▸ Task brief:
From the line containing "using bchoice[OF choice] by blast" to the very last line of the data below, transcribe everything exactly and nothing more.

▸ Dataset records:
++++++++++++++++++++

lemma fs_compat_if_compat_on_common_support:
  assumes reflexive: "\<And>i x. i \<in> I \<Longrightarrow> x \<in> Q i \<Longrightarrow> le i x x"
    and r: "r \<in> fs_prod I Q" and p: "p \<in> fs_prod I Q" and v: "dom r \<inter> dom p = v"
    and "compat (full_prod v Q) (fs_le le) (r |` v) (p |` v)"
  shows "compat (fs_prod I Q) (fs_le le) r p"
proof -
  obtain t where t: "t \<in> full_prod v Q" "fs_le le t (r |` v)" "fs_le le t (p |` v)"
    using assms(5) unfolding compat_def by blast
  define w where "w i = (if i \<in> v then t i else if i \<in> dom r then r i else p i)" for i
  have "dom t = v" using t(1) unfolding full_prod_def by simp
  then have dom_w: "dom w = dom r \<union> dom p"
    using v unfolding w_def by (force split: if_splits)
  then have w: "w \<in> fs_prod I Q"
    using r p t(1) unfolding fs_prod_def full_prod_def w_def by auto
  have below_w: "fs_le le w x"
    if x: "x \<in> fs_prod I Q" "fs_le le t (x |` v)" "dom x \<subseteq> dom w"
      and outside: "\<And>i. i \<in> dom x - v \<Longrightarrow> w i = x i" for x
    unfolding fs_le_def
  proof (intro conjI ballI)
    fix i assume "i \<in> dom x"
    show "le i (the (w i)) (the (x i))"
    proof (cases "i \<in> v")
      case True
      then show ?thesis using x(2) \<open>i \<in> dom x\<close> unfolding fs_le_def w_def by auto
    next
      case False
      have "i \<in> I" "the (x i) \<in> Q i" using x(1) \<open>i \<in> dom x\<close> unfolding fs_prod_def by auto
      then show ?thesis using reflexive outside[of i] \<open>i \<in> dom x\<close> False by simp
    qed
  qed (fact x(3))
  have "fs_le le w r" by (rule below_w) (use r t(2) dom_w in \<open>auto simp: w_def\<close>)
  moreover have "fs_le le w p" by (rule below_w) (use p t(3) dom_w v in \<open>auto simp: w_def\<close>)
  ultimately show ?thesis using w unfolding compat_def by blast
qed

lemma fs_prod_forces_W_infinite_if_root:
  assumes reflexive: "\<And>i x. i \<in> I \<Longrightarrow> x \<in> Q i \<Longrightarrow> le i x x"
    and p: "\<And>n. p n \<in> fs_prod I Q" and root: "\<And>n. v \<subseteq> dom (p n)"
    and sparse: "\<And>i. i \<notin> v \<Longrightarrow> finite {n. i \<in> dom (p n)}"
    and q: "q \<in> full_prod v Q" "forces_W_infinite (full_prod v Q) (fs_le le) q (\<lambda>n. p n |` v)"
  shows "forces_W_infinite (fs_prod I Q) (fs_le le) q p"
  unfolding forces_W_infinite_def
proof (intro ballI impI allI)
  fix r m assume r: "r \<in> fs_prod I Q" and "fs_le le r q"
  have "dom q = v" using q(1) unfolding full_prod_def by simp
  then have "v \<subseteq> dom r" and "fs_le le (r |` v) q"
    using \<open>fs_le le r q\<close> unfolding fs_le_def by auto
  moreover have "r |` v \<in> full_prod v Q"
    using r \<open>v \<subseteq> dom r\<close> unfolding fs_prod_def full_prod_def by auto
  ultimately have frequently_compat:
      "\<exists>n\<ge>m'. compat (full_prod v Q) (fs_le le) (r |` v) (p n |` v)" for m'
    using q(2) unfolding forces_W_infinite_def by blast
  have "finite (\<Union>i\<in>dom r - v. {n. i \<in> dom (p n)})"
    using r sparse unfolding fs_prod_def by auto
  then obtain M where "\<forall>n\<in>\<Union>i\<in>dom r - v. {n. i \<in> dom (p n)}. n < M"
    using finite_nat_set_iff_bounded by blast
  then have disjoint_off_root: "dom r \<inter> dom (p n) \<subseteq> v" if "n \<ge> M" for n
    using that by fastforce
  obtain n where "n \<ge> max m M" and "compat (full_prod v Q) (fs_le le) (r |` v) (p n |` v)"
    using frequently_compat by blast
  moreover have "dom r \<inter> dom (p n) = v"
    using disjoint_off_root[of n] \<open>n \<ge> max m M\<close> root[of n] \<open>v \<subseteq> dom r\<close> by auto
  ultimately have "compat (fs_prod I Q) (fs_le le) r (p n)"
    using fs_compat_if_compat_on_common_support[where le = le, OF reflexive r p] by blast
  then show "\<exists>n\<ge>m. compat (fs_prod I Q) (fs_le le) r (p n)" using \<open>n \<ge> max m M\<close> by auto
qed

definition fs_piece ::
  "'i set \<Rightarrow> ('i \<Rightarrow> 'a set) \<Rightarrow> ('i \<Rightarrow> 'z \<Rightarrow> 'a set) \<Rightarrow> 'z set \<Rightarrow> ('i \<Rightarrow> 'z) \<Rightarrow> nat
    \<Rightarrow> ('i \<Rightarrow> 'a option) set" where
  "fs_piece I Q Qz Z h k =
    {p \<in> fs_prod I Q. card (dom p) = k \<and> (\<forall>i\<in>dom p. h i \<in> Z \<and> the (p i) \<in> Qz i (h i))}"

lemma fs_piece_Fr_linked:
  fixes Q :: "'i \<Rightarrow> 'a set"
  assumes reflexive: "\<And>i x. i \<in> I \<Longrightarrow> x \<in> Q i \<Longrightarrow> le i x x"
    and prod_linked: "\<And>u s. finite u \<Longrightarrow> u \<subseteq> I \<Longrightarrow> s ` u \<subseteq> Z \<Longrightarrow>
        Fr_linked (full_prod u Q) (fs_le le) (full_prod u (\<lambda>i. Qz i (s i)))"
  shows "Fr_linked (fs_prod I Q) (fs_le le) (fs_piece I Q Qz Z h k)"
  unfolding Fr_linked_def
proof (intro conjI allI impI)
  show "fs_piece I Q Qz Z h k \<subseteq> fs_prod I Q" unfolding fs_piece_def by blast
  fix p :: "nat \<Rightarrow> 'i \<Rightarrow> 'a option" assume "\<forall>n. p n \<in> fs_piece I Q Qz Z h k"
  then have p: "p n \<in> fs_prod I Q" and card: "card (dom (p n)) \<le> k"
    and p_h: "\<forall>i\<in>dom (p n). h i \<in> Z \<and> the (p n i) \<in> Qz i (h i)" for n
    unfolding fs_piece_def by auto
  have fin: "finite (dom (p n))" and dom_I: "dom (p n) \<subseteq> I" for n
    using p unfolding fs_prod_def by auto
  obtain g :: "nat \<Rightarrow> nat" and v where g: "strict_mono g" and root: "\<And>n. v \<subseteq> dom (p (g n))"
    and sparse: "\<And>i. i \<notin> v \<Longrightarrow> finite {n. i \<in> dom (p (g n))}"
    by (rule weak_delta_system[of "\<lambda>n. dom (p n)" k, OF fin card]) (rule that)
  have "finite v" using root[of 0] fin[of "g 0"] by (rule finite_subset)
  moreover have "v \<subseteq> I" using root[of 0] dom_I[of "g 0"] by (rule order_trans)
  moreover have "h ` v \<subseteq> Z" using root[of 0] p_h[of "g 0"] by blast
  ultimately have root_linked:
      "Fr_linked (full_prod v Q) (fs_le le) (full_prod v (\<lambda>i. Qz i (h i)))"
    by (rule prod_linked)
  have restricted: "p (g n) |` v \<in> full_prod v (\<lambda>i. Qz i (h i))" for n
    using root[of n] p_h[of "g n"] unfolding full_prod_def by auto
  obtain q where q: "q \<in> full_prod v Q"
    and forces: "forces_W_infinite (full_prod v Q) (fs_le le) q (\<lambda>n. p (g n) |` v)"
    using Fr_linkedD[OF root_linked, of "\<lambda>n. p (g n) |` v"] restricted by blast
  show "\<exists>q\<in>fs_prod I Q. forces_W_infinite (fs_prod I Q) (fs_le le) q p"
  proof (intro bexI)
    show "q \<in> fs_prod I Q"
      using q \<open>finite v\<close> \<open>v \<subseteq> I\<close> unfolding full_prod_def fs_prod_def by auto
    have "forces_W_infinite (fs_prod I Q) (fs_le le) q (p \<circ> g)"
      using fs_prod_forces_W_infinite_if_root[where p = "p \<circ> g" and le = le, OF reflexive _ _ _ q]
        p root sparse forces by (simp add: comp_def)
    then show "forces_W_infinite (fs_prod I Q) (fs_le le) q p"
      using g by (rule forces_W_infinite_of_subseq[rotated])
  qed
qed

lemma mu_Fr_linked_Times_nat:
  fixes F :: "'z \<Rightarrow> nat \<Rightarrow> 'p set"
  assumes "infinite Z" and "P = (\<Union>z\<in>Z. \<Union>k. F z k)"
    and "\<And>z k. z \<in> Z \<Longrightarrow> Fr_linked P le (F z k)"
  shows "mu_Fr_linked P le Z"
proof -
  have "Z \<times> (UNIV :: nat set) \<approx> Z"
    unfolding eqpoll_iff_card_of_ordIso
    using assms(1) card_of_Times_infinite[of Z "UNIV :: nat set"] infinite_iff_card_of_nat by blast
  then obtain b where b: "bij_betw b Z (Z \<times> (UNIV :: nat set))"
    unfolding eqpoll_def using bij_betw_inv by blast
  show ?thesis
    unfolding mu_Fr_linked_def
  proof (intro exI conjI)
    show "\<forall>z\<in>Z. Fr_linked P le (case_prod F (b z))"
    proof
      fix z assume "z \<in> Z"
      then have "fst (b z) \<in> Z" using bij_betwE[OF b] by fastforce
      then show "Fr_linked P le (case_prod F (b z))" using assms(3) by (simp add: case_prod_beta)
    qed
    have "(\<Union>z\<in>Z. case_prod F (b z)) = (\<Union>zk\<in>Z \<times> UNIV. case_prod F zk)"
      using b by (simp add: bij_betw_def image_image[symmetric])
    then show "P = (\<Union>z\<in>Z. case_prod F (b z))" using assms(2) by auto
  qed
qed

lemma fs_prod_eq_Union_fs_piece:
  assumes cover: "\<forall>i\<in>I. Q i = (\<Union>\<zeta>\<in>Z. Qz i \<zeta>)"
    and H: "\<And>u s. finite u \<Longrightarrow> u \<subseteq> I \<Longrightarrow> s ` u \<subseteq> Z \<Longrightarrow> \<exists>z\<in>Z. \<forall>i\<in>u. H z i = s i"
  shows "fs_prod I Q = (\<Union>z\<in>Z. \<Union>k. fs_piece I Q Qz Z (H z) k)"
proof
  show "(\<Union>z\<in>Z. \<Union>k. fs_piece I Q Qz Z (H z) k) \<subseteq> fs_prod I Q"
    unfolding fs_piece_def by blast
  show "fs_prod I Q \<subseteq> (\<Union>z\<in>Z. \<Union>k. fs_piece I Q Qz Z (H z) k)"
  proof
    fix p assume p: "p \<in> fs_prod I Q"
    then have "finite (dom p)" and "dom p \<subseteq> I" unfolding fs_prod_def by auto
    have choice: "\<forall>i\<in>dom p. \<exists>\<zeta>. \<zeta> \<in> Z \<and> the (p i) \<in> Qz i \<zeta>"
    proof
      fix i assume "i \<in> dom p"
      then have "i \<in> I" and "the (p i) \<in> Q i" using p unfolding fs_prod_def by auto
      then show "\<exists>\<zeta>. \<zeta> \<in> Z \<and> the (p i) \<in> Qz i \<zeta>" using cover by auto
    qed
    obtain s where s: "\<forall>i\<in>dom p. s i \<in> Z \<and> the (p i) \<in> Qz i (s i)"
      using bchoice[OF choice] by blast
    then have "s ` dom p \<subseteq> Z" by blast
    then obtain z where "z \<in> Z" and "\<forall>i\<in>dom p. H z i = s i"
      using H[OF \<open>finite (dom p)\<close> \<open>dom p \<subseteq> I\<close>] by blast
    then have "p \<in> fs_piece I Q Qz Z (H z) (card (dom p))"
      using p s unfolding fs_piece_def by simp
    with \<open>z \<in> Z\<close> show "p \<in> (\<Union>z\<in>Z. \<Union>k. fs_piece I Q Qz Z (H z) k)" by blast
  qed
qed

++++++++++++++++++++

▸ Answer to this exercise:
      using bchoice[OF choice] by blast
    then have "s ` dom p \<subseteq> Z" by blast
    then obtain z where "z \<in> Z" and "\<forall>i\<in>dom p. H z i = s i"
      using H[OF \<open>finite (dom p)\<close> \<open>dom p \<subseteq> I\<close>] by blast
    then have "p \<in> fs_piece I Q Qz Z (H z) (card (dom p))"
      using p s unfolding fs_piece_def by simp
    with \<open>z \<in> Z\<close> show "p \<in> (\<Union>z\<in>Z. \<Union>k. fs_piece I Q Qz Z (H z) k)" by blast
  qed
qed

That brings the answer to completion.